Algo que siempre quise saber...

¿Cómo se dice "baby shower" en español?  Me parece que se dice "baby shower," mismo como inglés.

(Baby shower es una fiesta que se da para una mujer embarazada, con regalos tal como baberos, pañales, y también repleto con jueguitos que a nadie le gusta...).

Por favor, corríjanme las equivocaciones.


----------



## tia_tula

Yo diría que, en España por lo menos, no tiene nombre porque simplemente no se hace... , ¡así que puedes llamarlo como quieras!


----------



## tia_tula

aquagirl said:
			
		

> algo que siEmpre *quise* saber...
> 
> *¿cómo* se dice "baby shower" en español?  Me parece que se dice "baby shower," *igual que en *inglés.
> 
> (baby shower es una fiesta que se da para una mujer embarazada, con regalos *tales* como baberos, pañales, y también repleto *de juguetitos* que a nadie le gusta....)
> 
> Por favor *corríjanme* las equivocaciones



No sé si quieres decir juguetito (de juguete) o jueguecito (de juego).

Que a nadie le gusta (la fiesta).
Que a nadie le gusta*n* (los jueguecitos o juguetitos).


----------



## JackieNuca

aquagirl said:
			
		

> algo que siEmpre *quise/he querido *saber...
> 
> *¿*c*ó*mo se dice "baby shower" en español?  Me parece que se dice "baby shower," *igual que en* inglés.
> 
> (baby shower es una fiesta que se *le *da *a *una mujer embarazada, con regalos tal*es* como baberos, pañales, y también repleto *de juguetitos* que a nadie le gusta*n*....)
> 
> Por favor corr*í*j*a*nme las equivocaciones


 

Y como dice tia tula, creo que, por lo menos en España, no tiene traducción porque no se hace.


----------



## Borderer

JackieNuca said:
			
		

> Y como dice tia tula, creo que, por lo menos en España, no tiene traducción porque no se hace.


 
Tampoco en el Reino Unido..., (ni wedding shower, etc.).


----------



## tia_tula

JackieNuca (¡ay, qué recuerdos!), ¿nuestra corrección es casi un calco, eh?
Pero hay una cosita en la que discrepo:
Aunque yo lo hubiera dicho de otra manera (celebrar una fiesta en honor a una persona, p. ej.), creo que *dar una fiesta para* alguien también está bien.
Yo no diría dar*le* una fiesta a alguien..., lo que *le das* más bien es un regalo, ¿no?


----------



## tonyray

Hola,

No creo que esta costumbre tenga traduccion ya que es una tradicion norteamericana..., en algunas zonas de México han adoptado la costumbre pero lo llaman simplemente "baby shower".  Tal vez una posible traducción sería "fiesta prenatal", pero ha de sonar rarísimo a los nativos.

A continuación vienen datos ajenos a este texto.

lemma prob_not_odd_nbr_event_le:
  assumes p: "0 \<le> p" "p \<le> 1" and v: "v < n" and i: "i < (n - 1) div 2"
    and S: "S \<subseteq> all_edges n - pair_gadget v i"
  shows "subset_prob (pair_gadget v i) p (\<lambda>T. \<not> odd_nbr_event v i (S \<union> T)) \<le> 1 - p * min p (1 - p)"
proof -
  define a where "a = pair_fst v i"
  define e1 where "e1 = {v, a}"
  define e2 where "e2 = {pair_snd v i, a}"
  have gadget: "pair_gadget v i = {e1, e2}"
    by (simp add: pair_gadget_def e1_def e2_def a_def insert_commute)
  have ne: "e1 \<noteq> e2" "v \<noteq> a" "pair_snd v i \<noteq> a"
    using pair_less[OF v i] pair_ne_center[of v i] pair_fst_ne_pair_snd[of v i i]
    by (auto simp: e1_def e2_def a_def doubleton_eq_iff)
  have notin: "e1 \<notin> S" "e2 \<notin> S"
    using S gadget by auto
  have fin: "finite {u. {u, a} \<in> S'}" if "S' \<subseteq> all_edges n" for S'
    by (rule finite_subset[of _ "{..<n}"]) (use that in auto)
  have S_all: "S \<subseteq> all_edges n" "insert e2 S \<subseteq> all_edges n"
    using S gadget pair_gadget_subset[OF v i] by auto
  define d where "d = degree S a"
  have "degree (insert e1 S) a = Suc d" "degree (insert e2 S) a = Suc d"
    unfolding e1_def e2_def d_def using notin ne fin[OF S_all(1)]
    by (auto intro!: degree_insert simp: e1_def e2_def)
  moreover have "degree (insert e1 (insert e2 S)) a = Suc (Suc d)"
    unfolding e1_def using notin ne fin[OF S_all(2)] \<open>degree (insert e2 S) a = Suc d\<close>
    by (subst degree_insert) (auto simp: e1_def)
  ultimately have "\<not> odd_nbr_event v i S" "odd_nbr_event v i (insert e1 S) \<longleftrightarrow> even d"
    "\<not> odd_nbr_event v i (insert e2 S)" "odd_nbr_event v i (insert e1 (insert e2 S)) \<longleftrightarrow> odd d"
    using notin ne(1) by (simp_all add: odd_nbr_event_def e1_def[symmetric] a_def[symmetric])
  then have
    "subset_prob (pair_gadget v i) p (\<lambda>T. \<not> odd_nbr_event v i (S \<union> T))
      = (1 - p)^2 + p * (1 - p) + (if odd d then p * (1 - p) else 0) + (if even d then p^2 else 0)"
    unfolding gadget subset_prob_doubleton[OF ne(1)] by simp
  also have "\<dots> \<le> 1 - p * min p (1 - p)"
    using gadget_miss_prob_le[OF p] .
  finally show ?thesis .
qed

No sé...


----------



## JackieNuca

tia_tula said:
			
		

> JackieNuca (hay que recuerdos!) nuestra corrección es casi un calco, eh?
> pero hay una cosita en la que discrepo:
> aunque yo lo hubiera dicho de otra manera (celebrar una fiesta en honor a una persona...p. ej)
> creo que *dar una fiesta para* alguien también está bien.
> yo no diría dar*le* una fiesta a alguien... lo que *le das* más bien es un regalo, ¿no?


 Jeje, sí, la verdad que la corrección ha sido casi la misma.
Pues ahora me haces dudar, pero la frase "es una fiesta que se da para una mujer embarazada" me suena un poco rara.
Y en vez de "dar una fiesta para alguien" yo más bien diría "dar una fiesta *a *alguien". Pero la verdad que son detalles bastante pequeños y en los que casi ni me fijo, así que puedo estar equivocado 

Espero que ayude 

*EDIT: *Se me olvidó comentar la última línea 
Yo el dar*le* una fiesta a alguien lo utilizo en el sentido de *prepararle, organizarle* una fiesta alguien. Si está bien o mal empleado ya no lo sé. Eso se lo dejo a los lingüistas  jejeje


----------



## aquagirl

Gracias por las correciones.  Estoy feliz de que haya empezado una discusión con mi "thread."  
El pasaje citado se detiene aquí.